Her first book Meet Behind Mars is a collection of short stories that takes place across a variety of continents, narrators and subjectivities — if not planets. “[But the] strength in not having a direct path,” she says, “is that you get to live, have lots of experience in your world. And that’s what you’ll bring to your writing.”

Simms is speaking from personal experience, having traveled a number of indirect paths in her life. Born in Detroit, she moved to Los Angeles and then Arizona. She now teaches African American studies in Tacoma at the University of Puget Sound. She’s pursued several careers, from insurance defense lawyer to a poet to her current careers of fiction writer and professor. Through all of her migrations, Simms has been steadfast in her love of writing. None of her family members or family friends were writers.  “What I didn’t understand,” she says now, “was that I could be a writer.”
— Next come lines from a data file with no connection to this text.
lemma coupling_reflection_coupling:
  assumes [measurable]: "f \<in> borel_measurable M" "g \<in> borel_measurable M" "R \<in> M \<rightarrow>\<^sub>M M"
    and nonneg: "\<And>x. x \<in> space M \<Longrightarrow> 0 \<le> f x" "\<And>x. x \<in> space M \<Longrightarrow> 0 \<le> g x"
    and f1: "(\<integral>\<^sup>+x. ennreal (f x) \<partial>M) = 1"
    and RR: "\<And>x. x \<in> space M \<Longrightarrow> R (R x) = x"
    and fR: "\<And>x. x \<in> space M \<Longrightarrow> f (R x) = g x"
    and R_preserving: "\<And>h. h \<in> borel_measurable M \<Longrightarrow> (\<integral>\<^sup>+x. h (R x) \<partial>M) = (\<integral>\<^sup>+x. h x \<partial>M)"
  shows "coupling (reflection_coupling M f g R) (density M (\<lambda>x. ennreal (f x))) (density M (\<lambda>x. ennreal (g x)))"
  unfolding coupling_def
proof (intro conjI)
  let ?C = "reflection_coupling M f g R"
  show "sets ?C = sets (density M (\<lambda>x. ennreal (f x)) \<Otimes>\<^sub>M density M (\<lambda>x. ennreal (g x)))"
    unfolding sets_reflection_coupling by (rule sets_pair_measure_cong) simp_all
  have "space ?C = space M \<times> space M"
    using sets_eq_imp_space_eq[OF sets_reflection_coupling] by (simp add: space_pair_measure)
  then show "prob_space ?C"
    using emeasure_reflection_coupling_fst[OF assms(1-3) sets.top nonneg] f1
    by (intro prob_spaceI) (simp add: emeasure_density cong: nn_integral_cong)
  show "distr ?C (density M (\<lambda>x. ennreal (f x))) fst = density M (\<lambda>x. ennreal (f x))"
    by (rule distr_fst_eqI[OF sets_reflection_coupling]) (simp_all add: emeasure_reflection_coupling_fst nonneg)
  show "distr ?C (density M (\<lambda>x. ennreal (g x))) snd = density M (\<lambda>x. ennreal (g x))"
    by (rule distr_snd_eqI[OF sets_reflection_coupling])
       (simp_all add: emeasure_reflection_coupling_snd nonneg RR fR R_preserving)
qed

lemma coordinate_neq_sets: "{p :: (real^'n) \<times> (real^'n). fst p $ j \<noteq> snd p $ j} \<in> sets (lborel \<Otimes>\<^sub>M lborel)"
proof -
  have "{p :: (real^'n) \<times> (real^'n). fst p $ j \<noteq> snd p $ j}
      = space (borel \<Otimes>\<^sub>M borel) - {p \<in> space (borel \<Otimes>\<^sub>M borel). fst p $ j = snd p $ j}"
    by (auto simp: space_pair_measure)
  also have "\<dots> \<in> sets (borel \<Otimes>\<^sub>M borel)"
    by (intro sets.compl_sets borel_measurable_eq measurable_compose[OF measurable_fst borel_measurable_nth]
        measurable_compose[OF measurable_snd borel_measurable_nth])
  also have "sets (borel \<Otimes>\<^sub>M borel) = sets (lborel \<Otimes>\<^sub>M (lborel :: (real^'n) measure))"
    by (rule sets_pair_measure_cong) simp_all
  finally show ?thesis .
qed

lemma measure_reflection_coupling_coordinate_neq:
  fixes f g :: "real^'n \<Rightarrow> real" and R :: "real^'n \<Rightarrow> real^'n"
  assumes "f \<in> borel_measurable borel" "g \<in> borel_measurable borel" "R \<in> borel_measurable borel"
  shows "measure (reflection_coupling lborel f g R) {p. fst p $ j \<noteq> snd p $ j}
       = enn2real (\<integral>\<^sup>+x. ennreal (f x - g x) * indicator {x. x $ j \<noteq> R x $ j} x \<partial>lborel)"
proof -
  have "emeasure (reflection_coupling lborel f g R) {p. fst p $ j \<noteq> snd p $ j}
      = (\<integral>\<^sup>+x. ennreal (min (f x) (g x)) * indicator {p. fst p $ j \<noteq> snd p $ j} (x, x) \<partial>lborel)
      + (\<integral>\<^sup>+x. ennreal (f x - g x) * indicator {p. fst p $ j \<noteq> snd p $ j} (x, R x) \<partial>lborel)"
    using assms coordinate_neq_sets by (intro emeasure_reflection_coupling) simp_all
  then show ?thesis
    by (simp add: measure_def indicator_def)
qed

section \<open>Total variation distance of densities\<close>

lemma measure_density_diff:
  assumes [measurable]: "f \<in> borel_measurable M" "g \<in> borel_measurable M" "A \<in> sets M"
    and nonneg: "\<And>x. x \<in> space M \<Longrightarrow> 0 \<le> f x" "\<And>x. x \<in> space M \<Longrightarrow> 0 \<le> g x"
    and f1: "(\<integral>\<^sup>+x. ennreal (f x) \<partial>M) = 1" and g1: "(\<integral>\<^sup>+x. ennreal (g x) \<partial>M) = 1"
  shows "measure (density M (\<lambda>x. ennreal (f x))) A - measure (density M (\<lambda>x. ennreal (g x))) A
       = enn2real (\<integral>\<^sup>+x. ennreal (f x - g x) * indicator A x \<partial>M)
       - enn2real (\<integral>\<^sup>+x. ennreal (g x - f x) * indicator A x \<partial>M)"
proof -
  have le_1: "emeasure (density M (\<lambda>x. ennreal (h x))) A \<le> 1"
    if [measurable]: "h \<in> borel_measurable M" and "(\<integral>\<^sup>+x. ennreal (h x) \<partial>M) = 1" for h
    using emeasure_space[of "density M (\<lambda>x. ennreal (h x))" A] that
    by (simp add: emeasure_density cong: nn_integral_cong)
  have summands_finite: "a < \<top> \<and> b < \<top>" if "a + b \<le> 1" for a b :: ennreal
    using that by (auto simp: less_top[symmetric] top_unique)
  show ?thesis
    using emeasure_density_split[OF assms(1-3) nonneg] le_1[OF _ f1] le_1[OF _ g1] summands_finite
    by (simp add: measure_def enn2real_plus)
qed

lemma nn_integral_excess_symmetric:
  assumes [measurable]: "f \<in> borel_measurable M" "g \<in> borel_measurable M"
    and nonneg: "\<And>x. x \<in> space M \<Longrightarrow> 0 \<le> f x" "\<And>x. x \<in> space M \<Longrightarrow> 0 \<le> g x"
    and f1: "(\<integral>\<^sup>+x. ennreal (f x) \<partial>M) = 1" and g1: "(\<integral>\<^sup>+x. ennreal (g x) \<partial>M) = 1"
  shows "(\<integral>\<^sup>+x. ennreal (g x - f x) \<partial>M) = (\<integral>\<^sup>+x. ennreal (f x - g x) \<partial>M)"
proof -
  let ?common = "\<integral>\<^sup>+x. ennreal (min (f x) (g x)) \<partial>M"
  have total: "?common + (\<integral>\<^sup>+x. ennreal (f x - g x) \<partial>M) = 1" "?common + (\<integral>\<^sup>+x. ennreal (g x - f x) \<partial>M) = 1"
    using emeasure_density_split[OF assms(1,2) sets.top nonneg] f1 g1
    by (simp_all add: emeasure_density cong: nn_integral_cong)
  then have "?common + (\<integral>\<^sup>+x. ennreal (g x - f x) \<partial>M) = ?common + (\<integral>\<^sup>+x. ennreal (f x - g x) \<partial>M)"
    by simp
  moreover have "?common \<noteq> \<top>"
    using total(1) by (cases "?common = \<top>") simp_all
  ultimately show ?thesis
    by (simp add: ennreal_add_left_cancel)
qed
Simms now credits the Black arts community with nurturing her devotion to writing. In 1996, she went to her first summer writers’ conference at the Gwendolyn Brooks Conference for Black Literature and Creative Writing at Chicago State University; it drew a heady mix of writers: Amiri Baraka, Sonia Sánchez, Nikki Giovanni. Then she knew: “There was no going back.”

She and her partner moved to Los Angeles in 1997, and asked: “Where do the writers hang out?” Leimert Park was the answer in South Central LA — a neighborhood of Black-owned bookstores, cafes, jazz clubs, theaters, performance galleries and poetry open mikes. She began to submit her work to literary magazines and journals, eventually appearing in places like Callaloo, Full Grown People, The Rumpus and Salon. She applied successfully for residencies at VONA, Ragdale, BreadLoaf and Kimbilio (for writers across the African diaspora). However, “I didn’t have a [long-term] plan,” she admits now.
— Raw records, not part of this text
(* Let $G$ be the communication graph of a system admitting synchronization schedules. The isolation-resilience of the synchronized communication system on $G$ is the same whichever synchronization schedule on $G$ is used.
   Context: Model. A system consists of pairwise disjoint unit circles $C_1,\dots,C_n$ in the plane (trajectories) and a communication range $r>0$. Its communication graph $G$ has vertex set $\{C_1,\dots,C_n\}$, $C_i,C_j$ adjacent iff the distance between their centres is at most $2+r$; $G$ is assumed connected. Positions on a circle are angles (mod $2\pi$). For an edge $(i,j)$, the link position $\phi_{ij}$ is the angle of the point of $C_i$ closest to $C_j$. A schedule $F=(f,g)$ assigns each circle a starting angle $f(C_i)\in[0,2\pi)$ and direction $g(C_i)\in\{1,-1\}$; a robot following it on $C_i$ is at $f(C_i)+g(C_i)2\pi t$ at time $t$. $F$ is a synchronization schedule if $g(C_i)=-g(C_j)$ for adjacent circles and robots following $F$ on adjacent $C_i,C_j$ are at $\phi_{ij},\phi_{ji}$ at exactly the same times. A synchronized communication system (SCS) on $G$ consists of $n$ robots, initially one per circle, following a synchronization schedule, with the switching rule: when a robot on $C_i$ reaches $\phi_{ij}$ and $C_j$ is empty, it instantly passes to $C_j$ and follows the schedule of $C_j$; if $C_j$ has a robot, they meet and each stays on its circle. A partial SCS arises by letting some robots leave (possibly at different times); remaining robots never leave. A surviving robot $u$ starves if every time $u$ arrives at a link position $\phi_{ij}$ of its current circle $C_i$, the circle $C_j$ is empty; the system is in starvation state if all surviving robots starve. The isolation-resilience of an SCS is the largest $k$ such that, whichever $k$ robots leave, the system does not fall into starvation state. *)

theory Defs
  imports "HOL-Analysis.Analysis"
begin

text \<open>A system: circles C_0..C_{n-1} with centres c i (unit radius), range r.
  Circles are indexed by the natural numbers below n.\<close>

definition adj :: "nat \<Rightarrow> (nat \<Rightarrow> complex) \<Rightarrow> real \<Rightarrow> nat \<Rightarrow> nat \<Rightarrow> bool" where
  "adj n c r i j \<longleftrightarrow> i < n \<and> j < n \<and> i \<noteq> j \<and> dist (c i) (c j) \<le> 2 + r"

definition valid_system :: "nat \<Rightarrow> (nat \<Rightarrow> complex) \<Rightarrow> real \<Rightarrow> bool" where
  "valid_system n c r \<longleftrightarrow> n \<ge> 1 \<and> r > 0
     \<and> (\<forall>i<n. \<forall>j<n. i \<noteq> j \<longrightarrow> dist (c i) (c j) > 2)
     \<and> (\<forall>i<n. \<forall>j<n. (i, j) \<in> {(a, b). adj n c r a b}\<^sup>*)"

text \<open>Link position: angle of the point of C_i closest to C_j.\<close>
definition link_pos :: "(nat \<Rightarrow> complex) \<Rightarrow> nat \<Rightarrow> nat \<Rightarrow> real" where
  "link_pos c i j = Arg (c j - c i)"

definition on_angle :: "real \<Rightarrow> real \<Rightarrow> bool" where
  "on_angle x \<theta> \<longleftrightarrow> (\<exists>m::int. x = \<theta> + 2 * pi * of_int m)"

text \<open>Position at time t of a robot following schedule (f, g) on C_i.\<close>
definition pos :: "(nat \<Rightarrow> real) \<Rightarrow> (nat \<Rightarrow> int) \<Rightarrow> nat \<Rightarrow> real \<Rightarrow> real" where
  "pos f g i t = f i + of_int (g i) * 2 * pi * t"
It wasn’t until 2015 that Simms began to think about a collection of short stories. “Then I could see what made them hang together,” she says. One major piece of career advice had come from her father, who told her that “it’s not what you know, it’s who you know.” “Man, I rejected that early on,” she says, “but it was true for me.”

At the 2016 AWP Conference in Los Angeles, Simms was rooming with Desiree Cooper, who had just published her own book Know the Mother. “I know someone who’s looking for manuscripts,” Cooper said. “Give me your book.” After the conference, Simms started to gather her work but was still somewhat reluctant. Time passed. Cooper nudged her again, this time more strongly. The acquisitions editor for Wayne State University Press expressed interest, eventually accepting the manuscript.
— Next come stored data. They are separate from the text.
lemma eta_le_linearization:
  assumes seg: "closed_segment a b \<subseteq> U"
    and B: "\<And>z. z \<in> closed_segment a b \<Longrightarrow> norm (G z - G a) \<le> B"
  shows "\<eta> b \<le> \<eta> a + G a \<bullet> (b - a) + B * norm (b - a)"
proof -
  have "norm (\<eta> b - \<eta> a - G a \<bullet> (b - a)) \<le> norm (b - a) * B"
  proof (rule differentiable_bound_linearization[where S = "closed_segment a b" and f' = "\<lambda>z v. G z \<bullet> v"])
    show "a + t *\<^sub>R (b - a) \<in> closed_segment a b" if "t \<in> {0..1}" for t
    proof -
      have "a + t *\<^sub>R (b - a) = (1 - t) *\<^sub>R a + t *\<^sub>R b"
        by (simp add: algebra_simps)
      then show ?thesis
        using that by (auto simp: in_segment)
    qed
    show "(\<eta> has_derivative (\<lambda>v. G z \<bullet> v)) (at z within closed_segment a b)"
      if "z \<in> closed_segment a b" for z
      using seg that has_derivative_eta has_derivative_at_withinI by blast
    show "onorm ((\<lambda>v. G z \<bullet> v) - (\<lambda>v. G a \<bullet> v)) \<le> B" if "z \<in> closed_segment a b" for z
    proof -
      have "(\<lambda>v. G z \<bullet> v) - (\<lambda>v. G a \<bullet> v) = (\<lambda>v. (G z - G a) \<bullet> v)"
        by (auto simp: fun_eq_iff inner_diff_left)
      moreover have "onorm (\<lambda>v. (G z - G a) \<bullet> v) \<le> B"
      proof (rule onorm_bound)
        show "0 \<le> B"
          using B[of a] norm_ge_zero[of "G a - G a"] by simp
        show "norm ((G z - G a) \<bullet> v) \<le> B * norm v" for v
          using Cauchy_Schwarz_ineq2[of "G z - G a" v] mult_right_mono[OF B[OF that] norm_ge_zero[of v]]
          by simp
      qed
      ultimately show ?thesis
        by simp
    qed
  qed simp
  then show ?thesis
    by (simp add: abs_le_iff mult.commute)
qed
Written over the span of twenty years and multiple locations, Meet Behind Mars revolves around two major themes in African American literature: displacement and freedom. “What would it be like to break free?” the protagonist wonders in “The Cows of Lantau” — a question that haunts and sparks much of the collection. In “High Country,” a writer mother is forced to choose between her art making and child rearing, confronted by her own fictional characters. In “The Body When Buoyant,” an African American refugee woman from Hurricane Katrina serves as caretaker for an older Asian man, searching vainly for home ownership. A dancer comes home to check on her aging parents, confronting their collective aging processes and her own dreams in “You Can Kiss All of That Bye-Bye.”  “American Industrial Physics” is a chilling fictional first-person account of the veterinary assistants who worked with animals used for test crashes in the auto industry.  And with a poetic sense of irony and juxtaposition, a young Black girl plays Maria in “The Sound of Music” during school integration in the late 1970s.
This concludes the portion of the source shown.